With
global warming, peril underlies road to Alaska as permafrost melts
By
CORNELIA DEAN
28 July, 2012
WHITEHORSE,
Yukon Territory – […] Today, as the road now known as the Alaska
Highway celebrates its 70th birthday, cars and trucks flash along
what Wally Hidinger calls “a very good standard two-lane highway”
from Dawson Creek, British Columbia, to Fairbanks, Alaska. “Our
mantra is bare, dry pavement 365 days a year,” said Mr. Hidinger,
who directs transportation engineering for the Yukon territorial
government. It is a vow he and his staff can keep.
They
rely on remote sensing technology to anticipate bad weather and keep
the pavement clear.
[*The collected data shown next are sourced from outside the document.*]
section \<open>Convex integer sequences with a subadditivity bound\<close>

lemma convex_seq_eventually_linear:
  fixes f :: "nat \<Rightarrow> nat"
  assumes f0: "f 0 = 0"
    and mono: "\<And>k. f k \<le> f (Suc k)"
    and convex: "\<And>k. f (Suc k) + f (Suc k) \<le> f (Suc (Suc k)) + f k"
    and bounded: "\<And>k. f (Suc k) \<le> f k + m"
  obtains d J where "d \<le> m" "f J + J \<le> d * J" "\<And>k. J \<le> k \<Longrightarrow> f k = f J + d * (k - J)"
proof -
  define \<delta> where "\<delta> k = f (Suc k) - f k" for k
  have f_Suc: "f (Suc k) = f k + \<delta> k" for k using mono[of k] unfolding \<delta>_def by simp
  have "\<delta> k \<le> \<delta> (Suc k)" for k using convex[of k] f_Suc[of k] f_Suc[of "Suc k"] by simp
  then have \<delta>_mono: "j \<le> k \<Longrightarrow> \<delta> j \<le> \<delta> k" for j k by (rule lift_Suc_mono_le)
  have \<delta>_le: "\<delta> k \<le> m" for k using bounded[of k] f_Suc[of k] by simp
  define d where "d = Max (range \<delta>)"
  have fin: "finite (range \<delta>)" using \<delta>_le by (auto intro: finite_subset[of _ "{..m}"])
  have \<delta>_le_d: "\<delta> k \<le> d" for k unfolding d_def by (rule Max_ge[OF fin]) simp
  have "d \<in> range \<delta>" unfolding d_def by (rule Max_in[OF fin]) simp
  then obtain K where K: "\<delta> K = d" by auto
  define J where "J = (LEAST j. \<delta> j = d)"
  have \<delta>_J: "\<delta> J = d" unfolding J_def using K by (rule LeastI)
  have \<delta>_after: "\<delta> k = d" if "J \<le> k" for k using \<delta>_mono[OF that] \<delta>_J \<delta>_le_d[of k] by simp
  have \<delta>_before: "\<delta> j < d" if "j < J" for j
    using not_less_Least[of j "\<lambda>j. \<delta> j = d"] that \<delta>_le_d[of j] unfolding J_def by fastforce
  have "f j + j \<le> d * j" if "j \<le> J" for j
    using that
  proof (induction j)
    case (Suc j)
    then show ?case using \<delta>_before[of j] f_Suc[of j] by simp
  qed (simp add: f0)
  moreover have "f k = f J + d * (k - J)" if "J \<le> k" for k
    using that
  proof (induction k rule: dec_induct)
    case (step k)
    then show ?case using f_Suc[of k] \<delta>_after[of k] by (simp add: Suc_diff_le)
  qed simp
  ultimately show thesis using that \<delta>_le[of K] K by blast
qed

text \<open>Iterating subadditivity gives \<open>f (n s) \<le> n f (s + c)\<close>, which must keep up with the slope
  \<open>d\<close> of the linear tail for large \<open>n\<close>.\<close>

lemma slope_le_if_subadditive:
  fixes f :: "nat \<Rightarrow> nat"
  assumes f0: "f 0 = 0"
    and tail: "\<And>k. K \<le> k \<Longrightarrow> f k = f K + d * (k - K)"
    and sub: "\<And>a b. f (a + b) \<le> f a + f (b + c)"
  shows "d * k \<le> f k + d * c"
proof (cases "k \<le> c")
  case True
  then show ?thesis by (simp add: trans_le_add2)
next
  case False
  define s where "s = k - c"
  have k: "k = s + c" and s: "s \<ge> 1" using False unfolding s_def by auto
  have iterate: "f (n * s) \<le> n * f (s + c)" for n
  proof (induction n)
    case (Suc n)
    have "f (Suc n * s) = f (n * s + s)" by (simp add: add.commute)
    also have "\<dots> \<le> f (n * s) + f (s + c)" by (rule sub)
    finally show ?case using Suc by simp
  qed (simp add: f0)
  have "d * s \<le> f (s + c)"
  proof (rule ccontr)
    define X where "X = f (s + c)"
    assume "\<not> d * s \<le> f (s + c)"
    then have X: "X + 1 \<le> d * s" unfolding X_def by simp
    then have "d \<ge> 1" by (cases d) auto
    define n where "n = d * K + 1"
    have "K \<le> d * K" using \<open>d \<ge> 1\<close> by simp
    also have "\<dots> < n" unfolding n_def by simp
    also have "n \<le> n * s" using s by simp
    finally have "d * (n * s) \<le> f (n * s) + d * K"
      using tail[of "n * s"] by (simp add: diff_mult_distrib2)
    moreover have "f (n * s) \<le> n * X" unfolding X_def by (rule iterate)
    moreover have "n * X + n \<le> d * (n * s)"
      using mult_le_mono2[OF X, of n] by (simp add: algebra_simps)
    ultimately have "n \<le> d * K" by linarith
    then show False unfolding n_def by simp
  qed
  then show ?thesis using k by (simp add: algebra_simps)
qed

lemma convex_subadditive_eventually_linear:
  fixes f :: "nat \<Rightarrow> nat"
  assumes f0: "f 0 = 0"
    and mono: "\<And>k. f k \<le> f (Suc k)"
    and convex: "\<And>k. f (Suc k) + f (Suc k) \<le> f (Suc (Suc k)) + f k"
    and bounded: "\<And>k. f (Suc k) \<le> f k + m"
    and sub: "\<And>a b. f (a + b) \<le> f a + f (b + c)"
  shows "\<exists>d::nat. \<exists>a::int. \<exists>k0. k0 \<le> c * m \<and> (\<forall>k\<ge>k0. int (f k) = int d * int k + a)"
proof -
  obtain d J where d: "d \<le> m" and J: "f J + J \<le> d * J"
    and tail: "\<And>k. J \<le> k \<Longrightarrow> f k = f J + d * (k - J)"
    using convex_seq_eventually_linear[OF f0 mono convex bounded] by blast
  have "d * J \<le> f J + d * c" using slope_le_if_subadditive[OF f0 tail sub] .
  then have "J \<le> d * c" using J by linarith
  also have "\<dots> \<le> c * m" using d by (simp add: mult.commute)
  finally have "J \<le> c * m" .
  moreover have "int (f k) = int d * int k + (int (f J) - int d * int J)" if "J \<le> k" for k
  proof -
    have "int (f k) = int (f J) + int d * int (k - J)" using tail[OF that] by simp
    then show ?thesis using that by (simp add: of_nat_diff algebra_simps)
  qed
  ultimately show ?thesis by blast
qed

section \<open>The block band matrices \<open>N\<^sub>k\<close>\<close>

text \<open>Entries of the infinite block band matrix whose leading \<open>k p \<times> k q\<close> corner is \<open>N\<^sub>k\<close>.\<close>

definition Ninf :: "('a::field \<Rightarrow> 'a) \<Rightarrow> (nat \<Rightarrow> 'a mat) \<Rightarrow> nat \<Rightarrow> nat \<Rightarrow> nat \<Rightarrow> nat \<Rightarrow> nat \<Rightarrow> 'a" where
  "Ninf \<sigma> E t p q i j = (let a = i div p; b = j div q in
      if b \<le> a \<and> a - b \<le> t - 1 then (\<sigma> ^^ a) (E (a - b + 1) $$ (i mod p, j mod q)) else 0)"

locale block_band =
  fixes \<sigma> :: "'a::field \<Rightarrow> 'a" and E :: "nat \<Rightarrow> 'a mat" and t p q :: nat
  assumes endo: "field_endo \<sigma>" and t: "t \<ge> 1"
    and E: "\<And>i. i \<in> {1..t} \<Longrightarrow> E i \<in> carrier_mat p q"
    and p: "p > 0" and q: "q > 0"
begin

abbreviation N :: "nat \<Rightarrow> nat \<Rightarrow> 'a" where
  "N \<equiv> Ninf \<sigma> E t p q"

definition r :: "nat \<Rightarrow> nat" where
  "r k = subrank N {..<k * p} {..<k * q}"

lemma field_hom_funpow: "field_hom (\<sigma> ^^ s)"
  using field_hom_if_field_endo[OF field_endo_funpow[OF endo]] .

lemma N_zero_above: "i div p < j div q \<Longrightarrow> N i j = 0"
  unfolding Ninf_def Let_def by auto

lemma N_zero_below: "j div q + t \<le> i div p \<Longrightarrow> N i j = 0"
  unfolding Ninf_def Let_def using t by auto

lemma N_shift: "N (i + s * p) (j + s * q) = (\<sigma> ^^ s) (N i j)"
proof -
  interpret field_hom "\<sigma> ^^ s" by (rule field_hom_funpow)
  have "(\<sigma> ^^ (s + i div p)) x = (\<sigma> ^^ s) ((\<sigma> ^^ (i div p)) x)" for x
    by (simp add: funpow_add)
  then show ?thesis using p q unfolding Ninf_def Let_def by auto
qed

lemma subrank_N_shift:
  "subrank N {x + s * p..<y + s * p} {u + s * q..<v + s * q} = subrank N {x..<y} {u..<v}"
proof -
  interpret field_hom "\<sigma> ^^ s" by (rule field_hom_funpow)
  have "subrank N {x + s * p..<y + s * p} {u + s * q..<v + s * q} =
        subrank (\<lambda>i j. N (i + s * p) (j + s * q)) {x..<y} {u..<v}"
    by (subst subrank_shift) simp_all
  also have "\<dots> = subrank N {x..<y} {u..<v}"
    unfolding N_shift by (rule subrank_hom) simp
  finally show ?thesis .
qed

lemma N_zero_right_of_corner: "i < a * p \<Longrightarrow> a * q \<le> j \<Longrightarrow> N i j = 0"
proof -
  assume "i < a * p" "a * q \<le> j"
  then have "i div p < a" "a \<le> j div q"
    using less_mult_imp_div_less div_less_iff_less_mult[OF q, of j a] by auto
  then show "N i j = 0" by (intro N_zero_above) simp
qed

lemma N_zero_below_corner: "j < s * q \<Longrightarrow> (s + (t - 1)) * p \<le> i \<Longrightarrow> N i j = 0"
proof -
  assume "j < s * q" "(s + (t - 1)) * p \<le> i"
  then have "j div q < s" "s + (t - 1) \<le> i div p"
    using less_mult_imp_div_less div_less_iff_less_mult[OF p, of i "s + (t - 1)"] by auto
  then show "N i j = 0" using t by (intro N_zero_below) linarith
qed

lemma subrank_N_extra_cols: "a \<le> c \<Longrightarrow> subrank N {..<a * p} {..<c * q} = r a"
proof -
  assume "a \<le> c"
  then have aq: "a * q \<le> c * q" by (rule mult_le_mono1)
  have cols: "{..<c * q} = {..<a * q} \<union> {a * q..<c * q}"
    by (auto dest: less_le_trans[OF _ aq])
  have "\<forall>j\<in>{a * q..<c * q}. \<forall>i\<in>{..<a * p}. N i j = 0"
    by (intro ballI N_zero_right_of_corner[of _ a]) auto
  then show ?thesis unfolding r_def cols by (rule subrank_zero_cols) simp_all
qed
They work to unkink twists and turns left over
from the original construction, when the builders dealt with muskeg
and other obstacles by curving the road around them.
But
today the Alcan faces challenges that could not have been predicted
when it was built. By far the biggest is permafrost, the permanently
frozen ground that underlies much of the road.
As
the climate warms, stretches of permafrost are no longer permanent.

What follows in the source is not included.